Restaurant Review of Krispy Kreme Donuts, 2715 S 120th St

Max And Matt's World Tour
Episode 2: The Phantom Lettuce

I've driven over a hundred miles for a donut before. A good donut. Yah, and people may say theoretically they'd walk a mile for a Camel, but I HAVE walked miles for a donut. It's the best way, actually, as you get your chubby little heart moving a little bit and the donut moves through the blood better to bring its joy to every part of the body. I've had expense accounts where I turned in $20 donut receipts. I've had friends wake me in San Jose at 1am for severe donut emergencies in San Francisco which needed tending to. I know that when Jesus said, "Cast your bread upon the water and it will return to you 1000-fold," he was talking about donuts. When J.F. Kennedy stood in that besieged city and said, "Ich bin ein berliner," he told those hungry people that he was a jelly donut (ein berliner), and they ate his words up.

So I took the news of Krispy-Kreme's coming to Omaha as a good sign. A good, red-neon sign shining "Hot Now" into the nights of Omaha; as any southerner can tell you that when this light shines, fresh donuts have just risen from the oil. Beginning in Winston-Salem, North Carolina, they have slowly rolled across the South, then turned their eyes elsewhere, to cities like Omaha.

Not that Omaha is donut-destitute, it has some decent independent shops well worth a taste. And, when you don't need anything too elaborate, we have Winchell's. But we need more. We need comfort. We need donuts.

Max and I looked out upon a clear, February night, Max declaring, "Time to eat the donuts" and I could only agree. Time to see if Krispy-Kreme was indeed our next, best hope for donuts.

"Where are the freaking fritters?" I almost shrieked. Ok, so maybe it was more a whine than a shriek, but Max still had to redirect me, "The fritters are safe, the fritters are safe, they went skiing this week at Vail...."

This did not help.

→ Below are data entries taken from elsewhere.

(* Let $(y^*, \mathbf{X}^*, \mathbf{Z}^* )$ be a random triple with $y^*\in\{0,1\}$, $\mathbf{X}^*\in\mathbb{R}^{1\times p}$ and $\mathbf{Z}^*\in\mathbb{R}^{1\times q}$ (row vectors), following the conditional mixture model: for $j\in\{0,1\}$, $$\mathbf{X}^*\mid (y^*=j,\mathbf{Z}^* ) \sim N(\boldsymbol\mu_j + \mathbf{Z}^*\mathbf{C},\ \boldsymbol\Sigma),\qquad P(y^*=1\mid \mathbf{Z}^* )=\frac{\exp(\gamma_0+\mathbf{Z}^*\boldsymbol\gamma_1)}{1+\exp(\gamma_0+\mathbf{Z}^*\boldsymbol\gamma_1)},$$ where $\boldsymbol\mu_0,\boldsymbol\mu_1\in\mathbb{R}^{1\times p}$, $\mathbf{C}\in\mathbb{R}^{q\times p}$, $\boldsymbol\Sigma\in\mathbb{R}^{p\times p}$ is positive definite, $\gamma_0\in\mathbb{R}$, $\boldsymbol\gamma_1\in\mathbb{R}^{q\times1}$. Assume $\mathbf{Z}^*$ has finite mean and finite nonsingular covariance matrix, and that $\mathbf{W}^*=(\mathbf{X}^*,\mathbf{Z}^* )\in\mathbb{R}^{1\times(p+q)}$ has nonsingular covariance matrix. Define $\bar{\mathbf{b}}=[\mathrm{Var}(\mathbf{W}^* )]^{-1}\mathrm{Cov}(\mathbf{W}^*,y^* )\in\mathbb{R}^{(p+q)\times 1}$, write $\bar{\mathbf{b}}=(\bar{\mathbf{b}}_1^\top,\bar{\mathbf{b}}_2^\top)^\top$ with $\bar{\mathbf{b}}_1\in\mathbb{R}^{p\times1}$ the coefficients associated with $\mathbf{X}^*$, and let $\varepsilon=y^*-\mathbf{W}^*\bar{\mathbf{b}}$. Let $\boldsymbol\beta_1=\boldsymbol\Sigma^{-1}(\boldsymbol\mu_1-\boldsymbol\mu_0)^\top$. Then, provided $\mathrm{Var}(\varepsilon)>0$, $$\boldsymbol\beta_1=[\mathrm{Var}(\varepsilon)]^{-1}\,\bar{\mathbf{b}}_1 .$$
   Context: For random row vectors $\mathbf{V}_1,\mathbf{V}_2$, $\mathrm{Cov}(\mathbf{V}_1,\mathbf{V}_2)=E[\{\mathbf{V}_1-E\mathbf{V}_1\}^\top\{\mathbf{V}_2-E\mathbf{V}_2\}]$ and $\mathrm{Var}(\mathbf{V}_1)=\mathrm{Cov}(\mathbf{V}_1,\mathbf{V}_1)$. The vector $\boldsymbol\beta_1$ is the coefficient of $\mathbf{X}^*$ in the logistic model $P(y^*=1\mid\mathbf{Z}^*,\mathbf{X}^* )$ implied by the conditional mixture model. *)

theory Defs
  imports "HOL-Probability.Probability"
begin

text \<open>Row vectors in R^(1 x n) are modelled as elements of real^'n; a matrix in
  R^(m x n) is real^'n^'m (m rows, n columns).  Z C is  z v* C.\<close>

definition logistic :: "real \<Rightarrow> real" where
  "logistic t = exp t / (1 + exp t)"

definition pos_def_mat :: "real^'n^'n \<Rightarrow> bool" where
  "pos_def_mat S \<longleftrightarrow> transpose S = S \<and> (\<forall>x. x \<noteq> 0 \<longrightarrow> x \<bullet> (S *v x) > 0)"

definition mvn_density :: "real^'n^'n \<Rightarrow> real^'n \<Rightarrow> real^'n \<Rightarrow> real" where
  "mvn_density S m x =
     exp (- ((x - m) \<bullet> (matrix_inv S *v (x - m))) / 2)
       / sqrt ((2 * pi) ^ CARD('n) * det S)"

definition mvn :: "real^'n^'n \<Rightarrow> real^'n \<Rightarrow> (real^'n) measure" where
  "mvn S m = density lborel (\<lambda>x. ennreal (mvn_density S m x))"

definition cov_mat :: "'w measure \<Rightarrow> ('w \<Rightarrow> real^'a) \<Rightarrow> ('w \<Rightarrow> real^'b) \<Rightarrow> real^'b^'a" where
  "cov_mat M U V = (\<chi> i j. prob_space.expectation M
      (\<lambda>w. (U w $ i - prob_space.expectation M (\<lambda>v. U v $ i)) *
           (V w $ j - prob_space.expectation M (\<lambda>v. V v $ j))))"

definition cov_vec :: "'w measure \<Rightarrow> ('w \<Rightarrow> real^'a) \<Rightarrow> ('w \<Rightarrow> real) \<Rightarrow> real^'a" where
  "cov_vec M U y = (\<chi> i. prob_space.expectation M
      (\<lambda>w. (U w $ i - prob_space.expectation M (\<lambda>v. U v $ i)) *
           (y w - prob_space.expectation M y)))"

definition vconcat :: "real^'p \<Rightarrow> real^'q \<Rightarrow> real^('p + 'q)" where
  "vconcat x z = (\<chi> i. case i of Inl k \<Rightarrow> x $ k | Inr k \<Rightarrow> z $ k)"

end

theory Submission
  imports Defs "HOL-Real_Asymp.Real_Asymp"
begin

text \<open>Write \<open>X = \<mu>0 + y (\<mu>1 - \<mu>0) + Z C + U\<close>. The model makes the noise \<open>U\<close> distributed as
  \<open>N(0, \<Sigma>)\<close> and independent of \<open>(Z, y)\<close>, so \<open>Cov(U, X) = \<Sigma>\<close> while \<open>U\<close> is uncorrelated with
  \<open>y\<close> and \<open>Z\<close>. The least-squares residual \<open>\<epsilon> = y - W b\<close> is uncorrelated with \<open>X\<close> and \<open>Z\<close>,
  and \<open>Cov(\<epsilon>, y) = Var \<epsilon>\<close>. Hence \<open>Cov(U, \<epsilon>) = - \<Sigma> b1\<close>, and expanding
  \<open>0 = Cov(\<epsilon>, X) = Cov(\<epsilon>, U) + Var(\<epsilon>) (\<mu>1 - \<mu>0)\<close> gives \<open>\<Sigma> b1 = Var(\<epsilon>) (\<mu>1 - \<mu>0)\<close>.
  The Gaussian moments are read off the moment generating function.\<close>

section \<open>Hyperbolic inequalities\<close>

lemma sinh_le_mult_cosh:
  fixes u :: real assumes "0 \<le> u" shows "sinh u \<le> u * cosh u"
proof -
  have "(\<lambda>x. x * cosh x - sinh x) 0 \<le> (\<lambda>x. x * cosh x - sinh (x::real)) u"
  proof (rule DERIV_nonneg_imp_nondecreasing[OF assms])
    fix x :: real assume "0 \<le> x"
    then show "\<exists>d. ((\<lambda>x. x * cosh x - sinh x) has_real_derivative d) (at x) \<and> 0 \<le> d"
      by (intro exI[of _ "x * sinh x"] conjI) (auto intro!: derivative_eq_intros)
  qed
  then show ?thesis by simp
qed

lemma cosh_minus_one_le_mult_sinh:
  fixes u :: real assumes "0 \<le> u" shows "cosh u - 1 \<le> u * sinh u"
proof -
  have "(\<lambda>x. x * sinh x - cosh x) 0 \<le> (\<lambda>x. x * sinh x - cosh (x::real)) u"
  proof (rule DERIV_nonneg_imp_nondecreasing[OF assms])
    fix x :: real assume "0 \<le> x"
    then show "\<exists>d. ((\<lambda>x. x * sinh x - cosh x) has_real_derivative d) (at x) \<and> 0 \<le> d"
      by (intro exI[of _ "x * cosh x"] conjI) (auto intro!: derivative_eq_intros)
  qed
  then show ?thesis by simp
qed

lemma one_plus_half_sq_le_cosh:
  fixes u :: real assumes "0 \<le> u" shows "1 + u\<^sup>2 / 2 \<le> cosh u"
proof -
  have "(\<lambda>x. cosh x - x\<^sup>2 / 2) 0 \<le> (\<lambda>x. cosh x - x\<^sup>2 / (2::real)) u"
  proof (rule DERIV_nonneg_imp_nondecreasing[OF assms])
    fix x :: real assume "0 \<le> x"
    then have "x \<le> sinh x" using real_le_x_sinh[of x] by (simp add: sinh_field_def exp_minus)
    then show "\<exists>d. ((\<lambda>x. cosh x - x\<^sup>2 / 2) has_real_derivative d) (at x) \<and> 0 \<le> d"
      by (intro exI[of _ "sinh x - x"] conjI) (auto intro!: derivative_eq_intros)
  qed
  then show ?thesis by simp
qed

lemma cosh_minus_one_le_sq_mult_cosh: "cosh u - 1 \<le> u\<^sup>2 * cosh (u::real)"
proof -
  have "cosh (\<bar>u\<bar>) - 1 \<le> \<bar>u\<bar> * sinh (\<bar>u\<bar>)" by (rule cosh_minus_one_le_mult_sinh) simp
  also have "\<dots> \<le> \<bar>u\<bar> * (\<bar>u\<bar> * cosh \<bar>u\<bar>)" by (intro mult_left_mono sinh_le_mult_cosh) auto
  finally show ?thesis by (simp add: power2_eq_square)
qed

lemma sq_le_two_cosh: "u\<^sup>2 \<le> 2 * cosh (u::real)"
  using one_plus_half_sq_le_cosh[of "\<bar>u\<bar>"] by simp

lemma cosh_le_cosh_abs: "\<bar>u\<bar> \<le> \<bar>v\<bar> \<Longrightarrow> cosh u \<le> cosh (v::real)"
  using cosh_real_nonneg_le_iff[of "\<bar>u\<bar>" "\<bar>v\<bar>"] by simp

lemma scaled_cosh_bound:
  fixes u k :: real assumes "1 \<le> k"
  shows "2 * k\<^sup>2 * (cosh (u / k) - 1) \<le> 2 * (cosh (2 * u) + 1)"
proof -
  have "2 * k\<^sup>2 * (cosh (u / k) - 1) \<le> 2 * k\<^sup>2 * ((u / k)\<^sup>2 * cosh (u / k))"
    by (intro mult_left_mono cosh_minus_one_le_sq_mult_cosh) simp
  also have "\<dots> = 2 * u\<^sup>2 * cosh (u / k)"
    using assms by (simp add: power_divide)
  also have "\<dots> \<le> 2 * u\<^sup>2 * cosh u"
    using assms by (intro mult_left_mono cosh_le_cosh_abs) (auto simp: abs_div divide_le_eq mult_le_cancel_left1)
  also have "\<dots> \<le> 2 * (2 * cosh u) * cosh u"
    by (intro mult_right_mono mult_left_mono sq_le_two_cosh) auto
  also have "\<dots> = 2 * (cosh (2 * u) + 1)"
    by (simp add: cosh_double_cosh power2_eq_square)
  finally show ?thesis .
qed

section \<open>Positive definite matrices and normal densities\<close>

lemma matrix_inv_mult:
  fixes A :: "real^'n^'n" assumes "invertible A"
  shows "A ** matrix_inv A = mat 1" "matrix_inv A ** A = mat 1"
proof -
  have "\<exists>A'. A ** A' = mat 1 \<and> A' ** A = mat 1" using assms unfolding invertible_def by blast
  then have "A ** matrix_inv A = mat 1 \<and> matrix_inv A ** A = mat 1"
    unfolding matrix_inv_def by (rule someI_ex)
  then show "A ** matrix_inv A = mat 1" "matrix_inv A ** A = mat 1" by auto
qed

lemma matrix_inv_mult_vector:
  fixes A :: "real^'n^'n" assumes "invertible A"
  shows "A *v (matrix_inv A *v x) = x" "matrix_inv A *v (A *v x) = x"
  using matrix_inv_mult[OF assms] by (simp_all add: matrix_vector_mul_assoc)

lemma pos_def_mat_invertible:
  fixes S :: "real^'n^'n" assumes "pos_def_mat S" shows "invertible S"
proof -
  have "S *v x = 0 \<Longrightarrow> x = 0" for x
    using assms unfolding pos_def_mat_def by (metis inner_zero_right less_irrefl)
  then obtain B where B: "B ** S = mat 1" using matrix_left_invertible_ker by blast
  then have "S ** B = mat 1" using matrix_left_right_inverse by blast
  with B show ?thesis unfolding invertible_def by blast
qed

lemma pos_def_mat_transpose_matrix_inv:
  fixes S :: "real^'n^'n" assumes "pos_def_mat S"
  shows "transpose (matrix_inv S) = matrix_inv S"
proof -
  note inv = matrix_inv_mult[OF pos_def_mat_invertible[OF assms]]
  have "S ** transpose (matrix_inv S) = mat 1"
    using assms inv(2) unfolding pos_def_mat_def by (metis matrix_transpose_mul transpose_mat)
  then have "matrix_inv S ** (S ** transpose (matrix_inv S)) = matrix_inv S"
    by simp
  then show ?thesis by (simp add: matrix_mul_assoc inv(2))
qed

lemma inner_matrix_vector_sym:
  fixes A :: "real^'n^'n" assumes "transpose A = A"
  shows "x \<bullet> (A *v y) = y \<bullet> (A *v x)"
  by (metis assms dot_lmul_matrix inner_commute transpose_matrix_vector)

lemma pos_def_mat_complete_square:
  fixes S :: "real^'n^'n" assumes "pos_def_mat S"
  shows "(x - S *v a) \<bullet> (matrix_inv S *v (x - S *v a))
      = x \<bullet> (matrix_inv S *v x) - 2 * (a \<bullet> x) + a \<bullet> (S *v a)"
proof -
  have a: "matrix_inv S *v (S *v a) = a"
    by (rule matrix_inv_mult_vector(2)[OF pos_def_mat_invertible[OF assms]])
  then have "(S *v a) \<bullet> (matrix_inv S *v x) = a \<bullet> x"
    using inner_matrix_vector_sym[OF pos_def_mat_transpose_matrix_inv[OF assms], of "S *v a" x]
    by (simp add: inner_commute)
  with a show ?thesis
    by (simp add: matrix_vector_mult_diff_distrib inner_diff_left inner_diff_right inner_commute[of _ a])
qed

I had a hankering for a hot apple fritter. I drifted off to those carefree days of my youth when, if you walked into that one Las Vegas donut shop at 2am and asked for a fritter, they'd say, "Can you wait 5 minutes?" This didn't mean the clerk needed to run out back for a smoke. Oh, no. This meant a fresh tray was about to be baptized in the oil, entering as dough, but coming out as golden fritters. Ooooooh.... I could feel that familiar fritter-frenzy flitting like frantic flies across my face....

"HEY!" Max was yelling in my face. I was seated. Apparently, I'd drifted for a few minutes. Max had ordered for me and pushed me toward a table. I found myself with a regular glazed, a sour cream, and a milk. Max had a cruller and a glazed set in front of him.

I had to look around to reorient myself. The inside had the decor of a 50's-style shop, simply furnished with a few wooden tables, a simple, classic wallpaper pattern on the walls. But dominating the scene is The Machine. As you walk in the store, you walk along glass panels which give you a clear view of the kitchen area and the rows of moving racks, glaze-fountains, the oil bath, the flattened Ferris wheel carrying dough up and down and just a few inches closer to the oil each loop, all in one Rube-Goldberg-type contraption made expressly for the purpose of making glazed donuts. God bless 'em!

"Mmmmmm" mmmed Max, glaze flaking off his lips, coating his fingers, filling his dreams like a high school sweetheart. I followed, tasting the glazed donut in front of me, and, oh, it was good. Perhaps these people did have it, perhaps thine IS the sprinkles and the powder and the jelly. The sour cream backed me up on this. It was delicious.

It made me think. They have bagels here, too. Does anyone order them? Hey, they might be fantastic bagels. But a good donut beats a great bagel any day in my book.

But suddenly Max looked dour. Concerned, I looked at him quizzically. He simply looked down and growled, "This ain't a cruller."

"What?"

"This. It's a cake donut shaped like a cruller." His eyes shot at me, blazing. "A cruller is crispy, not crappy-crispy. Ain't nothing crispy here in this 'Krispy Kreme,' this is a common cake in cruller's clothing!"

I looked at the remaining half of his cruller and had to admit, the boy had a point. That spongy inside didn't say cruller to me. I've known crullers. Crullers have been close, personal friends of mine at late-night sittings. And this, gentlemen, was no cruller.

He sat there shaking as I slipped away to get him another glazed. The glazed donut seemed to soothe him. I sighed, figuring we'd get out of there okay.

And so we headed out into the bright, suburban night, donuts in our bellies telling us we should return to our homes and get some fricking sleep.

We left with mixed feelings about Krispy Kreme. If it's any sort of cake donut you want, then step right up and you won't be disappointed. However, if you want a cruller or a fritter or a creme horn, be warned! There be none here worthy of your expectations.

So on a scale of "plain grits" to "pecan pie," Krispy Kreme rates a "fried chicken and spare- ribs."